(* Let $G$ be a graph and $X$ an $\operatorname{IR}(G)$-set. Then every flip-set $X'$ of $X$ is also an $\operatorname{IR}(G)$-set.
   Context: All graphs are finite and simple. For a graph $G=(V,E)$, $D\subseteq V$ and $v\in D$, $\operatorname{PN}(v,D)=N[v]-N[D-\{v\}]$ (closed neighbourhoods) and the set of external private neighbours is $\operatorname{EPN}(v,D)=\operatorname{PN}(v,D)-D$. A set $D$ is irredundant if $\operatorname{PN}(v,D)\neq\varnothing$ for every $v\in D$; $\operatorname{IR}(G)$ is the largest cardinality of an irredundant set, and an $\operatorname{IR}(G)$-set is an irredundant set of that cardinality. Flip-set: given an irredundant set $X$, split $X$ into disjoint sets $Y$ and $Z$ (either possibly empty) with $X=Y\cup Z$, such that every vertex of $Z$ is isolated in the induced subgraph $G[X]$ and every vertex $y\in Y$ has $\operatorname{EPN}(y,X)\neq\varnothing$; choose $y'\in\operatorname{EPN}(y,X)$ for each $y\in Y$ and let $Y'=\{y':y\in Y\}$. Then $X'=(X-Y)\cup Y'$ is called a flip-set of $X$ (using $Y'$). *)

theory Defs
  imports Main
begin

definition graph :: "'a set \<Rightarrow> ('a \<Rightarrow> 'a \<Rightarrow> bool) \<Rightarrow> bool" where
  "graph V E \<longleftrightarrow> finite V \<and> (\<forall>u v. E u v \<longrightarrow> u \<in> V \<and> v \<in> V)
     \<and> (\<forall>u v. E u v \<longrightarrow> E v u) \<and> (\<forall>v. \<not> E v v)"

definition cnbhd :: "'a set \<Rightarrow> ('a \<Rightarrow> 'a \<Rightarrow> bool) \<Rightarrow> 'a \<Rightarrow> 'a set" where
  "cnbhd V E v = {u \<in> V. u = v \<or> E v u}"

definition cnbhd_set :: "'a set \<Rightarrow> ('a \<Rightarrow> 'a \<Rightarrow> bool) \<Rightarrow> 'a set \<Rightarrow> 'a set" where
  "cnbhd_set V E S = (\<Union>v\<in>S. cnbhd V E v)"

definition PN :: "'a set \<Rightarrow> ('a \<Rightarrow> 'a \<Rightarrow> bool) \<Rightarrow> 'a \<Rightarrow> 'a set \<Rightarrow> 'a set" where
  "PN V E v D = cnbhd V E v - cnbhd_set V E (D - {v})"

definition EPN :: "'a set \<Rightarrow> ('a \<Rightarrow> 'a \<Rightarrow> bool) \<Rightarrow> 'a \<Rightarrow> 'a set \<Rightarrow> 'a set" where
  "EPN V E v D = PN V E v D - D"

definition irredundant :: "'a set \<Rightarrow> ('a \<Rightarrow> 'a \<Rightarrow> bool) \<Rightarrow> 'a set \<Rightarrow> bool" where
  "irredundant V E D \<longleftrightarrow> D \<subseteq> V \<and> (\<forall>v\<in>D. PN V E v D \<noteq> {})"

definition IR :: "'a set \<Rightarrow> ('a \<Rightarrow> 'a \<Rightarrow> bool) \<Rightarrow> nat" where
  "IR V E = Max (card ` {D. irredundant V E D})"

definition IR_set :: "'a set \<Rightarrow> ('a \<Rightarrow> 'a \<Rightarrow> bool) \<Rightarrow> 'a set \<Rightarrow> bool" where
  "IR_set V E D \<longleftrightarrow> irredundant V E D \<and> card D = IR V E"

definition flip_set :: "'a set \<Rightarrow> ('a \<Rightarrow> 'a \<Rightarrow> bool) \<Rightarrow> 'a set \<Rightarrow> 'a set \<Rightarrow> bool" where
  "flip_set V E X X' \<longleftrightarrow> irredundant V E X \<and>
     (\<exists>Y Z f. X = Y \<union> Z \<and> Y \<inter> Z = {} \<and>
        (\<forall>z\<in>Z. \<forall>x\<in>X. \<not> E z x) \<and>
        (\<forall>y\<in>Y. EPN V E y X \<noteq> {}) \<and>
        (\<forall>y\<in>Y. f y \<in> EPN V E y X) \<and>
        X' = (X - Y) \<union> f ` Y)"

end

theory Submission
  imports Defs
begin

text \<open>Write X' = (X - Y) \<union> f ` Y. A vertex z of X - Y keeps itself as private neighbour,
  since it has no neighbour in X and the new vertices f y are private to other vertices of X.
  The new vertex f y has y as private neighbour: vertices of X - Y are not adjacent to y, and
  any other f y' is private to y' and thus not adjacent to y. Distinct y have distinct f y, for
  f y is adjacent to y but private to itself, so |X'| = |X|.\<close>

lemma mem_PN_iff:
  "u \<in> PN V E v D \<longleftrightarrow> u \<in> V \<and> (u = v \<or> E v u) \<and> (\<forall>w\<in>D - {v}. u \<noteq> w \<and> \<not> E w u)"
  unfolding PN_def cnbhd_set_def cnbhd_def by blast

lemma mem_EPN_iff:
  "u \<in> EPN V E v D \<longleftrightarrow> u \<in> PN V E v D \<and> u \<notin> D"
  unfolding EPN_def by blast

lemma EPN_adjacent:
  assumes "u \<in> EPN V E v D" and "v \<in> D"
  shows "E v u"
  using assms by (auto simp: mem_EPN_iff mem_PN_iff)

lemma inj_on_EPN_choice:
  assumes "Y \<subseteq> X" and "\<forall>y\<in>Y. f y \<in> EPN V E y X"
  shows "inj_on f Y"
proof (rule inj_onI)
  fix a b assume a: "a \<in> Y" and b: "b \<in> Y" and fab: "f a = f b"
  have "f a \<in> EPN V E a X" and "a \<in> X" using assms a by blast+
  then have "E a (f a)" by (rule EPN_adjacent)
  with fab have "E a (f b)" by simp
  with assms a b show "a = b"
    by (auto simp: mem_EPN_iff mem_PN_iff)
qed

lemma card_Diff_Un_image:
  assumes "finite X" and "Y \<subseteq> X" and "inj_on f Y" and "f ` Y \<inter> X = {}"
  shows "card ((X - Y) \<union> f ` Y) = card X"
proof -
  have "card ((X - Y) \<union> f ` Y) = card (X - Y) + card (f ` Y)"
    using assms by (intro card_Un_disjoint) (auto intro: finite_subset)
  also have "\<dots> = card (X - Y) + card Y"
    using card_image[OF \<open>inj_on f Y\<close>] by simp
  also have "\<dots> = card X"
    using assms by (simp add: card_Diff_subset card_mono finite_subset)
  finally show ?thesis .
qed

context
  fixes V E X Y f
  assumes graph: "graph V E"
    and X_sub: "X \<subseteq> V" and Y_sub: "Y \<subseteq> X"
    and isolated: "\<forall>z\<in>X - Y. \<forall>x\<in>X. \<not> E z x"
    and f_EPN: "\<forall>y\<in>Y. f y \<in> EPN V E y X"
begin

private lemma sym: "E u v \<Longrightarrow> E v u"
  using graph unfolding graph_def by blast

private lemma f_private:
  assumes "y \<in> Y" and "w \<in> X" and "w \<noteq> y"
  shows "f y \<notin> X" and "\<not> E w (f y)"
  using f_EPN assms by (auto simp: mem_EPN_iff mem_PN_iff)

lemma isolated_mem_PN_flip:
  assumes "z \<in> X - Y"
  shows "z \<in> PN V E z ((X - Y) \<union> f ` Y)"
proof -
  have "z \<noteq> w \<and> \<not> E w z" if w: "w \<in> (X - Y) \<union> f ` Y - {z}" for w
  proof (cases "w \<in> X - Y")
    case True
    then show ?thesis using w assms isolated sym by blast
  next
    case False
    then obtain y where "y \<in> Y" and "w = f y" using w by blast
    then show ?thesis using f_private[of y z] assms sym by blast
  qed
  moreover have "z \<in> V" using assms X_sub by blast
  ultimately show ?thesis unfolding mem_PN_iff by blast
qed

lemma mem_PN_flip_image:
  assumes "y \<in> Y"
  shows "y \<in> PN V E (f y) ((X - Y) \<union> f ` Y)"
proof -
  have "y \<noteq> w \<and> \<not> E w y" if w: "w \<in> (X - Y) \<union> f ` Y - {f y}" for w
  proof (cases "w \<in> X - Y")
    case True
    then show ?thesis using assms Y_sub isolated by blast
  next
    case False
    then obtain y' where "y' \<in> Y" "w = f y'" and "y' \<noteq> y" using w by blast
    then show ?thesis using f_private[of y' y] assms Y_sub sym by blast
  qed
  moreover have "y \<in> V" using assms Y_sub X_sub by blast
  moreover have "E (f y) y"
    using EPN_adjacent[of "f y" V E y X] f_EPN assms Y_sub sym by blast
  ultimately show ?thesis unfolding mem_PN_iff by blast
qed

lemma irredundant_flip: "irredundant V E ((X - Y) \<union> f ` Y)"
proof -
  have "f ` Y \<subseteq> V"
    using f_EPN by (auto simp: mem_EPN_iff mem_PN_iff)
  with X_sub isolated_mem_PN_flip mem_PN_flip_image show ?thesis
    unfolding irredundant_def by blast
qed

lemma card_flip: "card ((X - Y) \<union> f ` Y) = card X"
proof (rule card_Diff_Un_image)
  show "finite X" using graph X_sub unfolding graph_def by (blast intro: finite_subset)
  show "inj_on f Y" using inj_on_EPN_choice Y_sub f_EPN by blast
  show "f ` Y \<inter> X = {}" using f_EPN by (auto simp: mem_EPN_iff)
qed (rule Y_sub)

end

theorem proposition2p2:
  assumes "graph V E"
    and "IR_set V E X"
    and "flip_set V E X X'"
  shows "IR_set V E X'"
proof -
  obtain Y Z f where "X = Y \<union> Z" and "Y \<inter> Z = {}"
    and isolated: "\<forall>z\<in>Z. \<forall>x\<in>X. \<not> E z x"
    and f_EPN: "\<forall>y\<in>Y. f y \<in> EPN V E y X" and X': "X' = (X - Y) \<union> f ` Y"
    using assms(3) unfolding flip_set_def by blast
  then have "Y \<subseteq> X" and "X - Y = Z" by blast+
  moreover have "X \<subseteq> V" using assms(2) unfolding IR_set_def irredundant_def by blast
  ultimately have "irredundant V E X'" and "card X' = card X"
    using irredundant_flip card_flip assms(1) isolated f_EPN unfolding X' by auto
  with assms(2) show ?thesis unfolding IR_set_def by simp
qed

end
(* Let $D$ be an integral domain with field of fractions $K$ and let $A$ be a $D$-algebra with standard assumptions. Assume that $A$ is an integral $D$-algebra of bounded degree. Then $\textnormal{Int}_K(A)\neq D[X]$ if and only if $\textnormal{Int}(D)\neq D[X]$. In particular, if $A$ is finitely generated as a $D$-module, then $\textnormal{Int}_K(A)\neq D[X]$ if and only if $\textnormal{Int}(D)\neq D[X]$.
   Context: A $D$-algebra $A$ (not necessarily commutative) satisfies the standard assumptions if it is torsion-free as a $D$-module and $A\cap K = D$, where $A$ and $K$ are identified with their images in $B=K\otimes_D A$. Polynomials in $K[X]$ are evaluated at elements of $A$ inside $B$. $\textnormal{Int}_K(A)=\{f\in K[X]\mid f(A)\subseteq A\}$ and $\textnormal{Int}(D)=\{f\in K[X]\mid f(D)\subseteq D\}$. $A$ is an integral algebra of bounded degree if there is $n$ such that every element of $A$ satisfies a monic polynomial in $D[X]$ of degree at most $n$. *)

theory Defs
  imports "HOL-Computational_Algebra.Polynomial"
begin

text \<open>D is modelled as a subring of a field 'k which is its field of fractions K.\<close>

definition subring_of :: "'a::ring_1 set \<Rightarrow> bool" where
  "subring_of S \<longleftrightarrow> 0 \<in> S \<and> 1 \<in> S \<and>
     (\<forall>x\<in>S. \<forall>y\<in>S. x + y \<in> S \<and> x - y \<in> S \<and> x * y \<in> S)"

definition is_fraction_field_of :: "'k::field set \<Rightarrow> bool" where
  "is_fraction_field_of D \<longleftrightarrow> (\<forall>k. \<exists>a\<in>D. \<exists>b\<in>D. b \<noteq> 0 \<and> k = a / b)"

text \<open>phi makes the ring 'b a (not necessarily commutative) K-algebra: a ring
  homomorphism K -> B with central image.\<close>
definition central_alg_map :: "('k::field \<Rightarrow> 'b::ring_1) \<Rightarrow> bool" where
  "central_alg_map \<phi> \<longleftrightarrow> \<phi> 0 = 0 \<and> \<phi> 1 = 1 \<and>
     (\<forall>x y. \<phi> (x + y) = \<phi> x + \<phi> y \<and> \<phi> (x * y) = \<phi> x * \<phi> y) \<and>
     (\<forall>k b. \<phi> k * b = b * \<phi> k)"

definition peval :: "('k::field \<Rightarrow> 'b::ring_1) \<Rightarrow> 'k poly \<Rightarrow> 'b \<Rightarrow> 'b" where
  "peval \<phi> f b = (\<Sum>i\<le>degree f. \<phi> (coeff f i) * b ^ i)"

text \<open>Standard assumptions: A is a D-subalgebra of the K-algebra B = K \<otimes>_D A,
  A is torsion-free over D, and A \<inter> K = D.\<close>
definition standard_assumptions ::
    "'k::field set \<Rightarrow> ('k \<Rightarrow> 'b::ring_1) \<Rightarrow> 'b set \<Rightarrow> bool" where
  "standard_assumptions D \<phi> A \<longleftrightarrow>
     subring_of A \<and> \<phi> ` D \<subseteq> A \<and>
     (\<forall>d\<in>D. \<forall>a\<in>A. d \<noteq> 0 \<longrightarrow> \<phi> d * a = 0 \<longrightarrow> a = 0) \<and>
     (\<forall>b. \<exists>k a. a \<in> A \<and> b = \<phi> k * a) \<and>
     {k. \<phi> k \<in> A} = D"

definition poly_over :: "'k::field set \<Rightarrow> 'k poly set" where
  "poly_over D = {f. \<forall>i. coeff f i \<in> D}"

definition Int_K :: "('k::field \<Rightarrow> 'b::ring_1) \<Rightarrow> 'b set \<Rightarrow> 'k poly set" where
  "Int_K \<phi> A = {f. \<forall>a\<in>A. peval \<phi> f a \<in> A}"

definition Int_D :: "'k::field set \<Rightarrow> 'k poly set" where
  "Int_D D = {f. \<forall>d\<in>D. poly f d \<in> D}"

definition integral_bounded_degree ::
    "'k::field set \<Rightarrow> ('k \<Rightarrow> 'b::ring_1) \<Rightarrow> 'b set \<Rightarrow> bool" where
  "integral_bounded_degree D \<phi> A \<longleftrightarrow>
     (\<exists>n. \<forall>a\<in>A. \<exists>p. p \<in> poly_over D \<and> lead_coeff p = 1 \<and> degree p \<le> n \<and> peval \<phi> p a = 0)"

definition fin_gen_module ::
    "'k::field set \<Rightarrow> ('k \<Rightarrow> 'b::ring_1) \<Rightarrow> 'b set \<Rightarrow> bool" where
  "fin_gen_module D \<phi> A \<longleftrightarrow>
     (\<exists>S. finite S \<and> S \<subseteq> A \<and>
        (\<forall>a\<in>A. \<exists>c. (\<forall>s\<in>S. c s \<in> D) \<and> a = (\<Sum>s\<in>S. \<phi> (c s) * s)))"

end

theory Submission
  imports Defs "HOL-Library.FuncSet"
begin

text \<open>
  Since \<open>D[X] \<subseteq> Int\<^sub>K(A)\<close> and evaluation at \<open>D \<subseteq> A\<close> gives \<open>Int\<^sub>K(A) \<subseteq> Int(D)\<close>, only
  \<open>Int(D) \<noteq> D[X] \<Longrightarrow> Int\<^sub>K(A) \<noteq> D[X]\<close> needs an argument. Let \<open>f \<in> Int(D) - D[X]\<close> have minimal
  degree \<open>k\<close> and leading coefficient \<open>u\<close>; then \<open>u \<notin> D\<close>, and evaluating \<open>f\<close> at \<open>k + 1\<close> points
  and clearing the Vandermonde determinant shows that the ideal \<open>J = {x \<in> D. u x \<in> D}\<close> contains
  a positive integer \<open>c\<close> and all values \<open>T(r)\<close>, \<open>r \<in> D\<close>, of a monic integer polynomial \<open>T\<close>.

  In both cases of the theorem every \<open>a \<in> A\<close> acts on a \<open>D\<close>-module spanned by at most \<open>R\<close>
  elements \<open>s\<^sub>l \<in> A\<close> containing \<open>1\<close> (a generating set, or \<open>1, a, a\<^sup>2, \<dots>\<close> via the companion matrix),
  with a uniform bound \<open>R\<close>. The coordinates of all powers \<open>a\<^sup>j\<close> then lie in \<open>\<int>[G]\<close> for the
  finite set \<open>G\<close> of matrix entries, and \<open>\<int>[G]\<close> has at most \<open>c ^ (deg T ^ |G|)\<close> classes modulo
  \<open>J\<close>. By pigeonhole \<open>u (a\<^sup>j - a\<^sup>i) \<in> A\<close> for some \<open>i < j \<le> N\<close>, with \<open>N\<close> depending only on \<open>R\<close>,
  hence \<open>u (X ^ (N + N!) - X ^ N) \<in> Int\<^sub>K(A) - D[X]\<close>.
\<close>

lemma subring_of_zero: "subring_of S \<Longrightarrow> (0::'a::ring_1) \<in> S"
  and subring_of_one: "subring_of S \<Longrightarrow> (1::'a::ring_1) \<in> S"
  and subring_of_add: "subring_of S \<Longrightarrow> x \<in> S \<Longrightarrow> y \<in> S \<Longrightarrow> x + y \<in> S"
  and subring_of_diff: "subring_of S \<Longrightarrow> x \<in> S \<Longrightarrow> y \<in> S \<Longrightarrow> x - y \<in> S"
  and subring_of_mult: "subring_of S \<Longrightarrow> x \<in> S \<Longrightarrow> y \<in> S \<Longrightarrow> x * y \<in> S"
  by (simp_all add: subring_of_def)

> **Your goal**
Copy exactly the lines from the one with "S \<Longrightarrow> (1::'a::ring_1)" through the last line of the material, keeping both ends.

> **Written solution**
  and subring_of_one: "subring_of S \<Longrightarrow> (1::'a::ring_1) \<in> S"
  and subring_of_add: "subring_of S \<Longrightarrow> x \<in> S \<Longrightarrow> y \<in> S \<Longrightarrow> x + y \<in> S"
  and subring_of_diff: "subring_of S \<Longrightarrow> x \<in> S \<Longrightarrow> y \<in> S \<Longrightarrow> x - y \<in> S"
  and subring_of_mult: "subring_of S \<Longrightarrow> x \<in> S \<Longrightarrow> y \<in> S \<Longrightarrow> x * y \<in> S"
  by (simp_all add: subring_of_def)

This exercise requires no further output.